第7回 医療・社会・環境研究会

阪大豊中キャンパスまで研究会に参加してきました。自分も含め9人の談話会型式だったので、少し緊張しました。科学史、経済史、日本史をバックグラウンドとして持つ教授、博士の方や、現在、公衆衛生、疫病について研究されている博士課程の方がおられました。


わが戦友(?)である道下さんの「日本の民家庭園における植物資源の維持と歴史性」の発表も、博論をベースに新たにデータも追加され、考察部分もより深みが増していました。


民家庭園という、人と自然が関わりあう現場では、どんな有用植物があるかに着目してみると、いろいろなものが見えてくるのだと感じました。そこには、人が何をよいとしているか、人が何を美しいとしているか、そういった行為や美意識には何が影響しているのかと考えてみると、きりがないかもしれませんが大変面白いですね。

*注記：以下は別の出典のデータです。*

text \<open>The bounded solution \<open>f\<^sub>z\<close> of the Stein equation
  \<open>f' - c0 g f = 1{x \<le> z} - F z\<close>, obtained by variation of constants.\<close>
definition stein_sol :: "real \<Rightarrow> real \<Rightarrow> real" where
  "stein_sol z x = (F (min x z) - F z * F x) / p x"

definition stein_drift :: "real \<Rightarrow> real \<Rightarrow> real" where
  "stein_drift z x = c0 * g x * stein_sol z x"

lemma stein_sol_nonneg: "0 \<le> stein_sol z x"
proof -
  have "0 \<le> F (min x z) - F z * F x"
  proof (cases "x \<le> z")
    case True
    then have "F (min x z) - F z * F x = F x * (1 - F z)" by (simp add: algebra_simps)
    then show ?thesis using F_nonneg[of x] F_le_1[of z] by simp
  next
    case False
    then have "F (min x z) - F z * F x = F z * (1 - F x)" by (simp add: algebra_simps)
    then show ?thesis using F_nonneg[of z] F_le_1[of x] by simp
  qed
  then show ?thesis using p_pos[of x] by (simp add: stein_sol_def)
qed

lemma stein_sol_le_tail_ratio: "stein_sol z x \<le> tail_ratio x"
proof -
  have "F (min x z) - F z * F x \<le> F x * (1 - F x)"
  proof (cases "x \<le> z")
    case True
    then have "F (min x z) - F z * F x = F x * (1 - F z)" by (simp add: algebra_simps)
    also have "\<dots> \<le> F x * (1 - F x)" using True F_mono F_nonneg by (simp add: mult_left_mono)
    finally show ?thesis .
  next
    case False
    then have "F (min x z) - F z * F x = F z * (1 - F x)" by (simp add: algebra_simps)
    also have "\<dots> \<le> F x * (1 - F x)" using False F_mono F_le_1 by (simp add: mult_right_mono)
    finally show ?thesis .
  qed
  also have "\<dots> \<le> (if x \<le> 0 then F x else 1 - F x)"
    using F_nonneg[of x] F_le_1[of x] by (simp add: mult_left_le mult_left_le_one_le)
  finally show ?thesis
    using divide_right_mono[OF _ less_imp_le[OF p_pos[of x]]] by (simp add: stein_sol_def tail_ratio_def)
qed

lemma stein_sol_le: "stein_sol z x \<le> 1 / c1"
  using stein_sol_le_tail_ratio tail_ratio_le order.trans by blast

瀬戸口さんの『害虫の誕生』合評会では、どの方の論点も核心をついたものばかりで、本の読み方としてかなり刺激的なものでした。


懇親会では、かなり打ち解けた感じで、教授レベルの方々と、こんな距離で、かつこんなに気さくに話せるなんて思っていなかっただけに、とても新鮮で楽しかったです。


やはり、自分はまがりなりにも害虫を研究し、現在も農薬について研究しているため、色々と現場のことを聞かれました。IPMやIBMの考え方はまだまだ農家には浸透していないことを実感しており、IPMといいつつも、化学農薬への依存度が高いことを伝えました。そもそも技術思想というものは、どのようにして社会に伝播していくのか、何か一般論はないものかと気になりました。


倫理学について思っていることも述べてみました。現代の日本では、例えば、マザー・テレサのような人はでてくるのだろうか。よき行為をそれ自体としてよいものとして肯定するような社会なんだろうか。人間関係が希薄で、個人は孤立しているのではないだろうか。そういう感想を述べました。徳倫理の復権はあるのでしょうか。やはり、世の中は功利主義が一番うまくいくのでしょうか・・・ この辺はまだまだ考察していきたいところです。